You can pass any keyword parameter that scikit-learn's KernelDensity model uses and it will be passed along.

Attributes:

Name	Type	Description
`classes_`	`np.ndarray of shape (n_classes,)`	The classes seen during `fit`.
`models_`	`dict[int, KernelDensity]`	The models for each class seen during `fit`.
`priors_logp_`	`dict`	The log priors for each class seen during `fit` (estimated as `np.log(len(x_subset) / len(X))`)
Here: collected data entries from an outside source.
lemma exp_neg_square_loss_le_tangent:
  fixes \<eta> Y y p m :: real
  assumes \<eta>: "0 \<le> \<eta>" "64 * \<eta> * Y^2 \<le> 1"
    and bounds: "\<bar>p\<bar> \<le> Y" "\<bar>m\<bar> \<le> Y" "\<bar>y\<bar> \<le> Y"
  shows "exp (- \<eta> * (y - p)^2) \<le> exp (- \<eta> * (y - m)^2) * (1 + 2 * \<eta> * (y - m) * (p - m))"
proof -
  define a t where "a = y - m" and "t = p - m"
  define u where "u = 2 * \<eta> * a * t"
  have a: "\<bar>a\<bar> \<le> 2 * Y" and t: "\<bar>t\<bar> \<le> 2 * Y"
    using bounds by (auto simp: a_def t_def)
  have at: "\<bar>a * t\<bar> \<le> 4 * Y^2" and a2: "a^2 \<le> 4 * Y^2"
    using mult_mono[OF a t] abs_le_square_iff[of a "2 * Y"] a by (auto simp: abs_mult power2_eq_square)
  have "\<bar>u\<bar> = 2 * \<eta> * \<bar>a * t\<bar>"
    using \<eta> by (simp add: u_def abs_mult)
  also have "\<dots> \<le> 2 * \<eta> * (4 * Y^2)"
    using at \<eta> by (intro mult_left_mono) auto
  also have "\<dots> \<le> 1/8"
    using \<eta> by linarith
  finally have u: "\<bar>u\<bar> \<le> 1/8" .
  have "u^2 = 4 * \<eta>^2 * a^2 * t^2" by (simp add: u_def power_mult_distrib)
  also have "\<dots> \<le> 4 * \<eta>^2 * (4 * Y^2) * t^2"
    using a2 by (intro mult_right_mono mult_left_mono) auto
  also have "\<dots> = (64 * \<eta> * Y^2) * (\<eta> * t^2) / 4" by (simp add: power2_eq_square)
  also have "\<dots> \<le> \<eta> * t^2 / 4"
    using \<eta> by (intro divide_right_mono mult_left_le_one_le) auto
  finally have u2: "u^2 \<le> \<eta> * t^2 / 4" .
  \<comment> \<open>The quadratic error term of \<open>exp u\<close> is absorbed by the factor \<open>exp (\<eta> t\<^sup>2)\<close>.\<close>
  have "exp u \<le> 1 + u + u^2"
    using u by (intro exp_le_one_add_self_add_square) auto
  also have "\<dots> \<le> (1 + u) * (1 + \<eta> * t^2)"
  proof -
    have "(1/4) * (\<eta> * t^2) \<le> (1 + u) * (\<eta> * t^2)"
      using u \<eta> by (intro mult_right_mono) auto
    with u2 show ?thesis by (simp add: algebra_simps)
  qed
  also have "\<dots> \<le> (1 + u) * exp (\<eta> * t^2)"
    using u by (intro mult_left_mono exp_ge_add_one_self) auto
  finally have key: "exp (u - \<eta> * t^2) \<le> 1 + u"
    by (simp add: exp_diff pos_divide_le_eq)
  have "- \<eta> * (y - p)^2 = - \<eta> * a^2 + (u - \<eta> * t^2)"
    by (simp add: a_def t_def u_def power2_eq_square algebra_simps)
  then have "exp (- \<eta> * (y - p)^2) = exp (- \<eta> * a^2) * exp (u - \<eta> * t^2)"
    by (metis exp_add)
  also have "\<dots> \<le> exp (- \<eta> * a^2) * (1 + u)"
    using key by (intro mult_left_mono) auto
  finally show ?thesis by (simp add: a_def t_def u_def mult.assoc)
qed
lemma cond_exp_payoff_eq_max_stop_continue:
  assumes "k < T" and \<sigma>': "stopping_time_upto M (\<lambda>_. M) T \<sigma>'" and \<sigma>'_ge: "\<forall>\<omega>\<in>space M. k \<le> \<sigma>' \<omega>"
    and B: "B \<in> sets (H k)"
    and B_trace: "{\<omega>\<in>space M. real_cond_exp M (H k) (payoff X Y \<tau> \<sigma>') \<omega> \<le> payoff X Y \<tau> (\<lambda>_. k) \<omega>}
        \<inter> {\<omega>\<in>space M. k < \<tau> \<omega>} = B \<inter> {\<omega>\<in>space M. k < \<tau> \<omega>}"
  shows "AE \<omega> in M. real_cond_exp M (H k) (payoff X Y \<tau> (\<lambda>\<omega>. if \<omega> \<in> B then k else \<sigma>' \<omega>)) \<omega>
      = max (payoff X Y \<tau> (\<lambda>_. k) \<omega>) (real_cond_exp M (H k) (payoff X Y \<tau> \<sigma>') \<omega>)"
proof -
  interpret sigma_finite_subalgebra M "H k" by (rule sigma_finite_subalgebra_H) (use \<open>k < T\<close> in simp)
  define \<sigma> where "\<sigma> = (\<lambda>\<omega>. if \<omega> \<in> B then k else \<sigma>' \<omega>)"
  have BM: "B \<in> sets M" using B H_subalgebra[of k] \<open>k < T\<close> by (auto simp: subalgebra_def)
  have \<sigma>: "stopping_time_upto M (\<lambda>_. M) T \<sigma>"
    unfolding \<sigma>_def using \<sigma>' \<sigma>'_ge BM \<open>k < T\<close>
    by (intro stopping_time_upto_if) (auto simp: subalgebra_def)
  have "AE \<omega> in M. \<omega> \<in> B \<longrightarrow> real_cond_exp M (H k) (payoff X Y \<tau> \<sigma>) \<omega> = payoff X Y \<tau> (\<lambda>_. k) \<omega>"
    using \<open>k < T\<close> B payoff_integrable[OF \<sigma>]
    by (intro cond_exp_eq_immediate_payoff) (auto simp: \<sigma>_def payoff_def)
  moreover have "AE \<omega> in M. \<omega> \<in> space M - B \<longrightarrow>
      real_cond_exp M (H k) (payoff X Y \<tau> \<sigma>) \<omega> = real_cond_exp M (H k) (payoff X Y \<tau> \<sigma>') \<omega>"
    using sets.compl_sets[OF B] payoff_integrable[OF \<sigma>] payoff_integrable[OF \<sigma>']
    by (intro real_cond_exp_local) (auto simp: \<sigma>_def payoff_def)
  moreover have "AE \<omega> in M. \<tau> \<omega> \<le> k \<longrightarrow>
      real_cond_exp M (H k) (payoff X Y \<tau> \<sigma>') \<omega> = payoff X Y \<tau> (\<lambda>_. k) \<omega>"
    using \<open>k < T\<close> \<sigma>' \<sigma>'_ge by (intro cond_exp_payoff_tau_le) auto
  ultimately show ?thesis unfolding \<sigma>_def[symmetric] using AE_space
  proof eventually_elim
    case (elim \<omega>)
    show ?case
    proof (cases "\<tau> \<omega> \<le> k")
      case False
      then have "\<omega> \<in> B \<longleftrightarrow> real_cond_exp M (H k) (payoff X Y \<tau> \<sigma>') \<omega> \<le> payoff X Y \<tau> (\<lambda>_. k) \<omega>"
        using B_trace \<open>\<omega> \<in> space M\<close> by (auto simp: not_le)
      with elim show ?thesis by auto
    qed (use elim in auto)
  qed
qed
Source code in sklego/neighbors.py

class BayesianKernelDensityClassifier(ClassifierMixin, BaseEstimator):
    """The `BayesianKernelDensityClassifier` estimator trains using Kernel Density estimations to generate the joint
    distribution.

    You can pass any keyword parameter that scikit-learn's
    [KernelDensity](https://scikit-learn.org/stable/modules/generated/sklearn.neighbors.KernelDensity.html)
    model uses and it will be passed along.

    Attributes
    ----------
    classes_ : np.ndarray of shape (n_classes,)
        The classes seen during `fit`.
    models_ : dict[int, KernelDensity]
        The models for each class seen during `fit`.
    priors_logp_ : dict
        The log priors for each class seen during `fit` (estimated as `np.log(len(x_subset) / len(X))`)
    """

    def __init__(
        self,
        bandwidth=0.2,
        kernel="gaussian",
        algorithm="auto",
        metric="euclidean",
        atol=0,
        rtol=0,
        breath_first=True,
        leaf_size=40,
        metric_params=None,
    ):
        self.bandwidth = bandwidth
        self.kernel = kernel
        self.algorithm = algorithm
        self.metric = metric
        self.atol = atol
        self.rtol = rtol
        self.breath_first = breath_first
        self.leaf_size = leaf_size
        self.metric_params = metric_params

    def fit(self, X: np.ndarray, y: np.ndarray):
        """Fit the `BayesianKernelDensityClassifier` estimator using `X` and `y` as training data by fitting a
        `KernelDensity` model for each class on the subset of X where y == class.

        Parameters
        ----------
        X : array-like of shape (n_samples, n_features)
            The training data.
        y : array-like of shape (n_samples,)
            The target values.

        Returns
        -------
        self : BayesianKernelDensityClassifier
            The fitted estimator.
        """
        X, y = validate_data(self, X=X, y=y, dtype=FLOAT_DTYPES, reset=True)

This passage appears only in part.